Hong Kong: China will start its second stock-trading link with Hong Kong on Dec. 5, another step in the country’s efforts to open up the mainland market.

The Shenzhen-Hong Kong connect will give investors in the city access to stocks on the Shenzhen Stock Exchange, where many Chinese technology companies are listed. The program has been awaited for more than two years following the launch of the Shanghai-Hong Kong connect in November 2014.

The link’s start was announced by regulators amid the yuan’s biggest monthly decline against the US dollar since a one-time devaluation in August last year. The Shanghai and Shenzhen connections are a key part of China’s push to internationalise its currency and should also help the country’s stocks integrate into the world’s markets. When MSCI Inc. in June rejected the nation’s shares for inclusion in its global benchmarks, among the issues it cited were barriers facing foreign investors wanting to trade in China.

“We’re ready for another milestone in our mutual market access initiative,” Charles Li, chief executive officer of Hong Kong Exchanges & Clearing Ltd., said in a statement. “Shenzhen connect will open up another mainland market for international investors, give investors on both sides of the boundary more choices and enhance access to the mainland’s stock market through our market and to our market through the mainland market.”

Opening Up

China has been slowly improving market access and gradually easing restrictions on money flow. In February, authorities removed limits on foreign involvement in the country’s interbank bond market, while Bloomberg News reported in September that officials had scrapped guidelines on Qualified Foreign Institutional Investors’ mainland asset allocations.

Investors buying into Shenzhen will have access to any stock in the Shenzhen Stock Exchange Component Index and Shenzhen Stock Exchange Small/Mid Cap Innovation Index that has a market value of more than 6 billion yuan, according to an August presentation from Hong Kong’s Securities and Futures Commission. Any company that is dual listed in the city and Hong Kong will also be available. Buying shares traded on Shenzhen’s ChiNext small-cap gauge will be limited to institutional investors at the “initial stage” of the link, the SFC said.

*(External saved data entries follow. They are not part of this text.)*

lemma nn_integral_normal_density_upper_tail_le:
  assumes "0 < \<sigma>" and "0 < x"
  shows "(\<integral>\<^sup>+ y\<in>{x..}. ennreal (normal_density 0 \<sigma> y) \<partial>lborel) \<le> ennreal (\<sigma>\<^sup>2 / x * normal_density 0 \<sigma> x)"
proof -
  have "(\<integral>\<^sup>+ y\<in>{x..}. ennreal (normal_density 0 \<sigma> y) \<partial>lborel)
      \<le> (\<integral>\<^sup>+ y\<in>{x..}. ennreal (y / x * normal_density 0 \<sigma> y) \<partial>lborel)"
  proof (intro nn_integral_mono)
    fix y
    have "x \<le> y \<Longrightarrow> normal_density 0 \<sigma> y \<le> y / x * normal_density 0 \<sigma> y"
      using assms mult_right_mono[of 1 "y / x" "normal_density 0 \<sigma> y"] by simp
    then show "ennreal (normal_density 0 \<sigma> y) * indicator {x..} y
        \<le> ennreal (y / x * normal_density 0 \<sigma> y) * indicator {x..} y"
      by (simp add: ennreal_leI split: split_indicator)
  qed
  also have "\<dots> = ennreal (0 - (- \<sigma>\<^sup>2 / x * normal_density 0 \<sigma> x))"
  proof (rule nn_integral_FTC_atLeast[where F = "\<lambda>y. - \<sigma>\<^sup>2 / x * normal_density 0 \<sigma> y" and T = 0])
    fix y assume "x \<le> y"
    then show "0 \<le> y / x * normal_density 0 \<sigma> y" using assms by simp
    show "((\<lambda>y. - \<sigma>\<^sup>2 / x * normal_density 0 \<sigma> y) has_real_derivative y / x * normal_density 0 \<sigma> y) (at y)"
      unfolding normal_density_def using assms
      by (auto intro!: derivative_eq_intros simp: field_simps power2_eq_square)
  next
    show "((\<lambda>y. - \<sigma>\<^sup>2 / x * normal_density 0 \<sigma> y) \<longlongrightarrow> 0) at_top"
      unfolding normal_density_def using assms by real_asymp
  qed simp
  finally show ?thesis by simp
qed

lemma nn_integral_normal_density_lower_tail_le:
  assumes "0 < \<sigma>" and "x < 0"
  shows "(\<integral>\<^sup>+ y. ennreal (normal_density 0 \<sigma> y) * indicator {..x} y \<partial>lborel)
    \<le> ennreal (\<sigma>\<^sup>2 / (- x) * normal_density 0 \<sigma> x)"
proof -
  have "(\<integral>\<^sup>+ y. ennreal (normal_density 0 \<sigma> y) * indicator {..x} y \<partial>lborel)
      = (\<integral>\<^sup>+ y\<in>{- x..}. ennreal (normal_density 0 \<sigma> y) \<partial>lborel)"
    by (subst nn_integral_real_affine[where c = "- 1" and t = 0])
      (auto intro!: nn_integral_cong simp: normal_density_def split: split_indicator)
  also have "\<dots> \<le> ennreal (\<sigma>\<^sup>2 / (- x) * normal_density 0 \<sigma> (- x))"
    using assms by (intro nn_integral_normal_density_upper_tail_le) auto
  finally show ?thesis by (simp add: normal_density_def)
qed

lemma U1_le_exp:
  assumes "std_bm P B" and "0 \<le> t" and "\<And>s z. ennreal c \<le> rate dpsi lam (u s z)"
  shows "U1 P B dpsi lam u t x \<le> ennreal (exp (- c * t))"
proof -
  interpret prob_space P using assms(1) by (simp add: std_bm_def)
  have "U1 P B dpsi lam u t x \<le> ennreal (exp (- c * t)) * emeasure P {\<omega>\<in>space P. B t \<omega> \<le> x}"
    using assms by (rule U1_le_exp_emeasure)
  also have "\<dots> \<le> ennreal (exp (- c * t)) * 1"
    by (intro mult_left_mono emeasure_le_1) simp
  finally show ?thesis by simp
qed

lemma U1_le_normal_tail:
  assumes "std_bm P B" and "0 < t" and "x < 0" and "\<And>s z. ennreal c \<le> rate dpsi lam (u s z)"
  shows "U1 P B dpsi lam u t x \<le> ennreal (exp (- c * t) * (t / (- x) * normal_density 0 (sqrt t) x))"
proof -
  have "U1 P B dpsi lam u t x \<le> ennreal (exp (- c * t)) * emeasure P {\<omega>\<in>space P. B t \<omega> \<le> x}"
    using assms(1) _ assms(4) by (rule U1_le_exp_emeasure) (use assms(2) in simp)
  also have "\<dots> \<le> ennreal (exp (- c * t)) * ennreal (t / (- x) * normal_density 0 (sqrt t) x)"
    using nn_integral_normal_density_lower_tail_le[of "sqrt t" x] assms(2,3)
    by (intro mult_left_mono) (simp_all add: std_bm_emeasure_le_eq[OF assms(1,2)])
  also have "\<dots> = ennreal (exp (- c * t) * (t / (- x) * normal_density 0 (sqrt t) x))"
    by (rule ennreal_mult'[symmetric]) simp
  finally show ?thesis .
qed

lemma exp_mult_normal_tail_eq:
  fixes \<alpha> \<delta> t q :: real
  assumes "0 < \<alpha>" and "\<delta> < 0" and "0 < t"
  shows "exp (- q * t) * (t / (- (sqrt (2 * \<alpha>) * \<delta> * t)) * normal_density 0 (sqrt t) (sqrt (2 * \<alpha>) * \<delta> * t))
    = 1 / (2 * sqrt (pi * \<alpha>) * \<bar>\<delta>\<bar>) * t powr (-1/2) * exp (- (q + \<alpha> * \<delta>\<^sup>2) * t)"
proof -
  have "(sqrt (2 * \<alpha>) * \<delta> * t)\<^sup>2 / (2 * t) = \<alpha> * \<delta>\<^sup>2 * t"
    using assms by (simp add: power_mult_distrib power2_eq_square)
  then have "normal_density 0 (sqrt t) (sqrt (2 * \<alpha>) * \<delta> * t) = 1 / sqrt (2 * pi * t) * exp (- \<alpha> * \<delta>\<^sup>2 * t)"
    using assms by (simp add: normal_density_def)
  moreover have "t / (- (sqrt (2 * \<alpha>) * \<delta> * t)) = 1 / (sqrt (2 * \<alpha>) * \<bar>\<delta>\<bar>)"
    using assms by (simp add: abs_if)
  moreover have "sqrt (2 * \<alpha>) * sqrt (2 * pi * t) = 2 * sqrt (pi * \<alpha>) * sqrt t"
    by (simp add: real_sqrt_mult[symmetric] mult_ac) (simp add: real_sqrt_mult)
  moreover have "t powr (-1/2) = 1 / sqrt t"
    using assms(3) by (simp add: powr_minus_divide powr_half_sqrt)
  moreover have "exp (- (q + \<alpha> * \<delta>\<^sup>2) * t) = exp (- q * t) * exp (- \<alpha> * \<delta>\<^sup>2 * t)"
    by (simp add: exp_add[symmetric] algebra_simps)
  ultimately show ?thesis by (simp add: mult_ac)
qed

theorem lemma3p1:
  fixes \<alpha> \<beta> lam t \<delta> :: real and n :: "real measure"
    and P :: "'w measure" and B :: "real \<Rightarrow> 'w \<Rightarrow> real"
    and Ps :: "'v measure" and X :: "real \<Rightarrow> 'v \<Rightarrow> real measure"
    and f :: "real \<Rightarrow> real"
  assumes "\<alpha> > 0" and "\<beta> \<ge> 0"
    and "sets n = sets borel" and "sigma_finite_measure n" and "emeasure n {..0} = 0"
    and "(\<integral>\<^sup>+ y\<in>{0<..}. ennreal (min (y\<^sup>2) y) \<partial>n) < \<infinity>"
    and "filterlim (psi \<alpha> \<beta> n) at_top at_top"
    and "lam > 0" and "psi \<alpha> \<beta> n lam = 0" and "\<forall>l>lam. psi \<alpha> \<beta> n l \<noteq> 0"
    and "std_bm P B"
    and "prob_space Ps"
    and "\<forall>s \<omega>. \<omega> \<in> space Ps \<longrightarrow> finite_measure (X s \<omega>) \<and> sets (X s \<omega>) = sets borel"
    and "f \<in> borel_measurable borel" and "\<forall>y. 0 \<le> f y"
    and "t > 0"
  shows "U1 P B (deriv (psi \<alpha> \<beta> n)) lam (ustar Ps X f) t (sqrt (2 * \<alpha>) * \<delta> * t)
     \<le> ennreal (if \<delta> \<ge> 0 then exp (- deriv (psi \<alpha> \<beta> n) lam * t)
         else 1 / (2 * sqrt (pi * \<alpha>) * \<bar>\<delta>\<bar>) * t powr (-1/2)
              * exp (- (deriv (psi \<alpha> \<beta> n) lam + \<alpha> * \<delta>\<^sup>2) * t))"
proof -
  interpret levy_measure n using assms(3,6) by unfold_locales
  define q where "q = deriv (psi \<alpha> \<beta> n) lam"
  define x where "x = sqrt (2 * \<alpha>) * \<delta> * t"
  have rate_ge: "ennreal q \<le> rate (deriv (psi \<alpha> \<beta> n)) lam (ustar Ps X f s z)" for s z
    unfolding q_def using assms(2,8,12) by (intro ennreal_le_rate ustar_nonneg deriv_psi_mono) auto
  show ?thesis
  proof (cases "\<delta> \<ge> 0")
    case True
    then show ?thesis using U1_le_exp[OF assms(11) _ rate_ge] assms(16) by (simp add: q_def)
  next
    case False
    then have "\<delta> < 0" and "x < 0" using assms(1,16) by (simp_all add: x_def mult_neg_pos mult_pos_neg)
    have "U1 P B (deriv (psi \<alpha> \<beta> n)) lam (ustar Ps X f) t x
        \<le> ennreal (exp (- q * t) * (t / (- x) * normal_density 0 (sqrt t) x))"
      using assms(11,16) \<open>x < 0\<close> rate_ge by (rule U1_le_normal_tail)
    also have "\<dots> = ennreal (1 / (2 * sqrt (pi * \<alpha>) * \<bar>\<delta>\<bar>) * t powr (-1/2)
        * exp (- (q + \<alpha> * \<delta>\<^sup>2) * t))"
      unfolding x_def exp_mult_normal_tail_eq[OF assms(1) \<open>\<delta> < 0\<close> assms(16)] ..
    finally show ?thesis using False unfolding x_def q_def by simp
  qed
qed

end
(* Let $\Pi$ be a non-negative projector on $\mathcal{Q}^n$ of rank $q$. Then there exist non-negative states $|\psi_1\rangle,\ldots,|\psi_q\rangle$ such that $\langle\psi_a|\psi_b\rangle=\delta_{a,b}$ for all $a,b$ and $\Pi=\sum_{a=1}^q|\psi_a\rangle\langle\psi_a|$.
   Context: $\mathcal{Q}^n=(\mathbb{C}^2)^{\otimes n}$ with standard basis $\{|x\rangle\}$, $x\in\{0,1\}^n$. A non-negative projector is a Hermitian projector on $\mathcal{Q}^n$ whose matrix in the standard basis has only real non-negative entries. A non-negative state is a normalized vector in $\mathcal{Q}^n$ all of whose amplitudes in the standard basis are real and non-negative. *)

theory Defs
  imports Complex_Main "Jordan_Normal_Form.DL_Rank" "Jordan_Normal_Form.Schur_Decomposition"
begin

(* Q^n = (C^2)^{\<otimes> n} is represented as complex vectors of dimension 2^n; the standard
   basis vector |x>, x \<in> {0,1}^n, is the unit vector with index (binary value of x) < 2^n. *)

definition nonneg_entry :: "complex \<Rightarrow> bool" where
  "nonneg_entry z \<longleftrightarrow> z \<in> \<real> \<and> Re z \<ge> 0"

definition nonneg_projector :: "nat \<Rightarrow> complex mat \<Rightarrow> bool" where
  "nonneg_projector n P \<longleftrightarrow> P \<in> carrier_mat (2^n) (2^n) \<and> mat_adjoint P = P \<and> P * P = P
     \<and> (\<forall>i<2^n. \<forall>j<2^n. nonneg_entry (P $$ (i,j)))"

definition braket :: "complex vec \<Rightarrow> complex vec \<Rightarrow> complex" where
  "braket v w = (\<Sum>i<dim_vec v. cnj (v $ i) * w $ i)"
(* Let $c_1,c_2,c_3\in\mathbb{C}$ with $|c_i|>1$, let $r_i=\sqrt{|c_i|^2-1}$, and let $L_i=\{z\in\mathbb{D}:|z-c_i|=r_i\}$, where $\mathbb{D}=\{z\in\mathbb{C}:|z|<1\}$. Assume that $L_1,L_2,L_3$ together with the point $z_0=0$ satisfy the configuration condition in the context. Define $\tau_i\colon S^1\to S^1$ by $\tau_i(z)=\dfrac{r_i^2}{\bar z-\bar c_i}+c_i$ if $|z-c_i|>r_i$ and $\tau_i(z)=z$ otherwise. Then there exists a real constant $C<1$, depending only on $L_1,L_2,L_3$, such that for all $x,y\in S^1$ there exists $i\in\{1,2,3\}$ with $|\tau_i(x)-\tau_i(y)|<C|x-y|$.
   Context: $\mathbb{D}$ is the Poincaré disk model of the hyperbolic plane with boundary $S^1=\{|z|=1\}$; hyperbolic lines not through $0$ are the arcs $\{z\in\mathbb{D}:|z-c|^2=|c|^2-1\}$ with $|c|>1$, and lines through $0$ are diameters. Configuration condition: for all distinct $i,i'\in\{1,2,3\}$, either (a) $L_i\cap L_{i'}=\emptyset$ and $z_0$ lies in the connected component of $\mathbb{D}\setminus(L_i\cup L_{i'})$ whose boundary contains both lines, or (b) $L_i,L_{i'}$ meet at an angle of measure $\pi/m$ for some integer $m\ge2$, and $z_0$ lies in the interior of that angle. *)

theory Defs
  imports "HOL-Analysis.Analysis"
begin

definition unit_disk :: "complex set" where
  "unit_disk = ball 0 1"

definition hrad :: "complex \<Rightarrow> real" where
  "hrad c = sqrt ((cmod c)\<^sup>2 - 1)"

definition hline :: "complex \<Rightarrow> complex set" where
  "hline c = {z \<in> unit_disk. cmod (z - c) = hrad c}"

definition vec_angle :: "complex \<Rightarrow> complex \<Rightarrow> real" where
  "vec_angle u v = arccos (Re (u * cnj v) / (cmod u * cmod v))"

text \<open>Side indicator: +1 if z lies outside the circle |w - c| = hrad c, -1 otherwise.
  The outward normal at a point p of that circle, pointing towards the side of z,
  is side c z * (p - c).\<close>

definition side :: "complex \<Rightarrow> complex \<Rightarrow> real" where
  "side c z = (if cmod (z - c) > hrad c then 1 else -1)"

text \<open>Measure of the angle at a common point p of the lines with centres c and c'
  of the angular sector (component of the disk minus both lines) containing z0:
  it is pi minus the angle between the normals pointing into the sector.\<close>

definition sector_angle :: "complex \<Rightarrow> complex \<Rightarrow> complex \<Rightarrow> complex \<Rightarrow> real" where
  "sector_angle c c' p z0 =
     pi - vec_angle (of_real (side c z0) * (p - c)) (of_real (side c' z0) * (p - c'))"

definition pair_condition :: "complex \<Rightarrow> complex \<Rightarrow> complex \<Rightarrow> bool" where
  "pair_condition c c' z0 \<longleftrightarrow>
     (hline c \<inter> hline c' = {} \<and> z0 \<in> unit_disk - (hline c \<union> hline c') \<and>
        hline c \<union> hline c' \<subseteq>
          frontier (connected_component_set (unit_disk - (hline c \<union> hline c')) z0))
   \<or> (\<exists>p m. p \<in> hline c \<inter> hline c' \<and> (m::nat) \<ge> 2 \<and>
        z0 \<in> unit_disk - (hline c \<union> hline c') \<and>
        sector_angle c c' p z0 = pi / real m)"

definition config_condition :: "(nat \<Rightarrow> complex) \<Rightarrow> complex \<Rightarrow> bool" where
  "config_condition c z0 \<longleftrightarrow>
     (\<forall>i\<in>{1,2,3}. \<forall>i'\<in>{1,2,3::nat}. i \<noteq> i' \<longrightarrow> pair_condition (c i) (c i') z0)"

definition tau :: "complex \<Rightarrow> complex \<Rightarrow> complex" where
  "tau c z = (if cmod (z - c) > hrad c
              then of_real ((hrad c)\<^sup>2) / (cnj z - cnj c) + c else z)"

end

theory Submission
  imports Defs
begin

text \<open>On the unit circle, \<open>tau c\<close> is the identity inside the disc bounded by \<open>hline c\<close> and
  the inversion in that circle outside it; at a point \<open>x\<close> outside, it contracts distances by
  the factor \<open>hrad c / \<bar>x - c\<bar> < 1\<close>. It therefore suffices that every point of the circle
  lies strictly outside one of the three discs; compactness of the circle then makes the
  factor uniform. The configuration condition at \<open>0\<close> forces \<open>Re (c i * cnj (c j)) \<le> 1\<close>
  for \<open>i \<noteq> j\<close> (the lines are disjoint with each outside the other's disc, or they meet
  at an angle of at most \<open>pi / 2\<close> as seen from \<open>0\<close>). Three such centres cannot have a
  point of the circle in all their closed discs: after rotating that point to \<open>1\<close>, two
  centres lie in the same closed half-plane bounded by the real axis, and then the real
  part of their Hermitian product exceeds \<open>1\<close>.\<close>

lemma hrad_pos: "1 < cmod c \<Longrightarrow> 0 < hrad c"
  unfolding hrad_def by (simp add: abs_square_less_1)

lemma hrad_less_norm: "1 < cmod c \<Longrightarrow> hrad c < cmod c"
  unfolding hrad_def by (simp add: real_sqrt_less_iff real_less_lsqrt)

lemma power2_hrad: "1 < cmod c \<Longrightarrow> (hrad c)\<^sup>2 = (cmod c)\<^sup>2 - 1"
  unfolding hrad_def by (simp add: power_mono_iff)

lemma power2_norm_diff_minus_hrad:
  assumes "1 < cmod c"
  shows "(cmod (z - c))\<^sup>2 - (hrad c)\<^sup>2 = (cmod z)\<^sup>2 + 1 - 2 * Re (z * cnj c)"
  unfolding power2_hrad[OF assms] cmod_power2 by (simp add: power2_eq_square algebra_simps)

lemma norm_diff_eq_hrad_iff:
  assumes "1 < cmod c"
  shows "cmod (z - c) = hrad c \<longleftrightarrow> (cmod z)\<^sup>2 + 1 = 2 * Re (z * cnj c)"
proof -
  have "cmod (z - c) = hrad c \<longleftrightarrow> (cmod (z - c))\<^sup>2 = (hrad c)\<^sup>2"
    using hrad_pos[OF assms] by simp
  then show ?thesis using power2_norm_diff_minus_hrad[OF assms, of z] by linarith
qed

lemma norm_diff_le_hrad_iff:
  assumes "1 < cmod c"
  shows "cmod (z - c) \<le> hrad c \<longleftrightarrow> (cmod z)\<^sup>2 + 1 \<le> 2 * Re (z * cnj c)"
proof -
  have "cmod (z - c) \<le> hrad c \<longleftrightarrow> (cmod (z - c))\<^sup>2 \<le> (hrad c)\<^sup>2"
    using hrad_pos[OF assms] by simp
  then show ?thesis using power2_norm_diff_minus_hrad[OF assms, of z] by linarith
qed

lemma norm_diff_less_hrad_iff:
  assumes "1 < cmod c"
  shows "cmod (z - c) < hrad c \<longleftrightarrow> (cmod z)\<^sup>2 + 1 < 2 * Re (z * cnj c)"
  using norm_diff_eq_hrad_iff[OF assms, of z] norm_diff_le_hrad_iff[OF assms, of z]
  by (auto simp: less_le)

lemma hrad_less_norm_diff_iff:
  assumes "1 < cmod c"
  shows "hrad c < cmod (z - c) \<longleftrightarrow> 2 * Re (z * cnj c) < (cmod z)\<^sup>2 + 1"
  using norm_diff_le_hrad_iff[OF assms, of z] by (meson not_le)

lemma of_real_div_cnj: "of_real (r\<^sup>2) / cnj u = of_real ((r / cmod u)\<^sup>2) * u"
proof (cases "u = 0")
  case False
  then have "cnj u = of_real ((cmod u)\<^sup>2) / u"
    by (metis complex_norm_square nonzero_mult_div_cancel_left)
  with False show ?thesis by (simp add: power_divide)
qed simp

text \<open>With \<open>k = (r / \<bar>u\<bar>)\<^sup>2\<close> one has
  \<open>k \<bar>u - v\<bar>\<^sup>2 - \<bar>k u - v\<bar>\<^sup>2 = (1 - k) (r\<^sup>2 - \<bar>v\<bar>\<^sup>2)\<close>.\<close>

lemma norm_inversion_minus_le:
  fixes u v :: complex
  assumes r: "0 < r" and u: "r < cmod u" and v: "cmod v \<le> r"
  shows "cmod (of_real (r\<^sup>2) / cnj u - v) \<le> r / cmod u * cmod (u - v)"
proof -
  define k where "k = (r / cmod u)\<^sup>2"
  have "0 < cmod u"
    using r u by linarith
  then have ku: "k * (cmod u)\<^sup>2 = r\<^sup>2"
    by (simp add: k_def power_divide)
  have k1: "k \<le> 1"
    using r u by (simp add: k_def power_le_one_iff divide_le_eq_1)
  have "k * (cmod (u - v))\<^sup>2 - (cmod (of_real k * u - v))\<^sup>2 = (1 - k) * (r\<^sup>2 - (cmod v)\<^sup>2)"
    unfolding ku[symmetric] cmod_power2 by (simp add: power2_eq_square algebra_simps)
  moreover have "(cmod v)\<^sup>2 \<le> r\<^sup>2"
    using v by (simp add: power_mono)
  ultimately have "(cmod (of_real k * u - v))\<^sup>2 \<le> (r / cmod u * cmod (u - v))\<^sup>2"
    using k1 unfolding power_mult_distrib k_def[symmetric] by (smt (verit) mult_nonneg_nonneg)
  then have "cmod (of_real k * u - v) \<le> r / cmod u * cmod (u - v)"
    using r by (auto intro: power2_le_imp_le)
  then show ?thesis
    unfolding of_real_div_cnj k_def .
qed

lemma norm_inversion_diff_le:
  fixes u v :: complex
  assumes r: "0 < r" and u: "r < cmod u" and v: "r < cmod v"
  shows "cmod (of_real (r\<^sup>2) / cnj u - of_real (r\<^sup>2) / cnj v) \<le> r / cmod u * cmod (u - v)"
proof -
  have "u \<noteq> 0" "v \<noteq> 0"
    using r u v by auto
  then have "of_real (r\<^sup>2) / cnj u - of_real (r\<^sup>2) / cnj v
               = of_real (r\<^sup>2) * cnj (v - u) / (cnj u * cnj v)"
    by (simp add: field_simps)
  then have "cmod (of_real (r\<^sup>2) / cnj u - of_real (r\<^sup>2) / cnj v)
               = r / cmod u * (r / cmod v) * cmod (u - v)"
    by (simp add: norm_mult norm_divide power2_eq_square norm_minus_commute flip: complex_cnj_diff)
  also have "\<dots> \<le> r / cmod u * 1 * cmod (u - v)"
    using r u v by (intro mult_right_mono mult_left_mono) (auto simp: divide_le_eq_1)
  finally show ?thesis
    by simp
qed

lemma norm_tau_diff_le:
  assumes c: "1 < cmod c" and x: "hrad c < cmod (x - c)"
  shows "cmod (tau c x - tau c y) \<le> hrad c / cmod (x - c) * cmod (x - y)"
proof (cases "hrad c < cmod (y - c)")
  case True
  then have "tau c x - tau c y
               = of_real ((hrad c)\<^sup>2) / cnj (x - c) - of_real ((hrad c)\<^sup>2) / cnj (y - c)"
    using x by (simp add: tau_def)
  then show ?thesis
    using norm_inversion_diff_le[OF hrad_pos[OF c] x True] by (simp add: norm_minus_commute)
next
  case False
  then have "tau c x - tau c y = of_real ((hrad c)\<^sup>2) / cnj (x - c) - (y - c)"
    using x by (simp add: tau_def)
  then show ?thesis
    using norm_inversion_minus_le[OF hrad_pos[OF c] x, of "y - c"] False by simp
qed

text \<open>The map from the Beltrami--Klein model to the Poincare model. It carries the chord
  \<open>{k. Re (k * cnj c) = 1}\<close> onto \<open>hline c\<close>, and the side \<open>Re (k * cnj c) > 1\<close>
  of it into the disc bounded by \<open>hline c\<close>.\<close>

definition klein_to_poincare :: "complex \<Rightarrow> complex" where
  "klein_to_poincare k = k / of_real (1 + sqrt (1 - (cmod k)\<^sup>2))"

lemma norm_klein_to_poincare_less:
  assumes "cmod k < 1"
  shows "cmod (klein_to_poincare k) < 1"
proof -
  define w where "w = sqrt (1 - (cmod k)\<^sup>2)"
  have "0 \<le> w"
    using assms by (simp add: w_def abs_square_le_1)
  then have "cmod (klein_to_poincare k) \<le> cmod k / 1"
    unfolding klein_to_poincare_def w_def[symmetric] norm_divide norm_of_real
    by (intro divide_left_mono) auto
  with assms show ?thesis
    by linarith
qed

lemma klein_to_poincare_circle_power:
  assumes "cmod k < 1"
  shows "(cmod (klein_to_poincare k))\<^sup>2 + 1 - 2 * Re (klein_to_poincare k * cnj c)
           = 2 / (1 + sqrt (1 - (cmod k)\<^sup>2)) * (1 - Re (k * cnj c))"
proof -
  define w where "w = sqrt (1 - (cmod k)\<^sup>2)"
  have w: "0 \<le> w" "w\<^sup>2 = 1 - (cmod k)\<^sup>2"
    using assms by (simp_all add: w_def abs_square_le_1)
  then have "(cmod k)\<^sup>2 = (1 - w) * (1 + w)"
    by (simp add: algebra_simps power2_eq_square)
  then have "(cmod (klein_to_poincare k))\<^sup>2 = (1 - w) / (1 + w)"
    using w unfolding klein_to_poincare_def w_def[symmetric] norm_divide norm_of_real
    by (simp add: power_divide power2_eq_square)
  moreover have "Re (klein_to_poincare k * cnj c) = Re (k * cnj c) / (1 + w)"
    unfolding klein_to_poincare_def w_def[symmetric] by (simp add: Re_divide_of_real)
  ultimately show ?thesis
    using w unfolding w_def[symmetric] by (simp add: field_simps)
qed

The Shenzhen Composite Index has been volatile. The index was among the top global performers last year, gaining 63 per cent. The city’s benchmark gauge is down 7.8 per cent this year.

Regulators in August announced approval of the second connect and also removed aggregate quotas between the city and mainland equity markets. The daily total trading limits for each link will be 13 billion yuan ($1.9 billion) for orders going north and 10.5 billion yuan for southbound flows.

May Tan, chief executive of Standard Chartered in Hong Kong, said in a statement the bank has seen strong interest from local retail clients and overseas institutional investors since the approval of the second link in August.

The connection to Shenzhen is a “positive step from the standpoint of index managers and their clients, and increases the chances of affirmative decisions on their part in their reviews over the coming year,” Nick Ronalds, managing director for equities at the Asia Securities Industry and Financial Markets Association in Hong Kong, said before the announcement.

The link with Shanghai hasn’t been as popular as authorities may have hoped, with investors rarely hitting the daily limits. Global investors sold a net 3.51 billion yuan of mainland shares using the existing link between Shanghai and Hong Kong in the first half of November, even as China’s benchmark equity gauge climbed into a bull market.

The Shenzhen link “reduces foreign investors’ reliance on QFII, thus relieving the difficulty of hedging renminbi, which has been increasingly volatile of late,” Tony Cheung, head of quant analytics at Liquidnet Holdings Inc. in the Asia Pacific region, said by email. “This reduces the costs of investing in Shenzhen and should ultimately translate into cheaper fees paid by end investors. For example, ETF management fees will be lower.”

Hong Kong’s government welcomed Friday’s announcement of the start of the link.

“We will closely monitor its implementation so that it will contribute to the economic and financial reforms of our country and reinforce Hong Kong’s position as an international financial centre,” the city’s financial secretary John Tsang said in an emailed statement.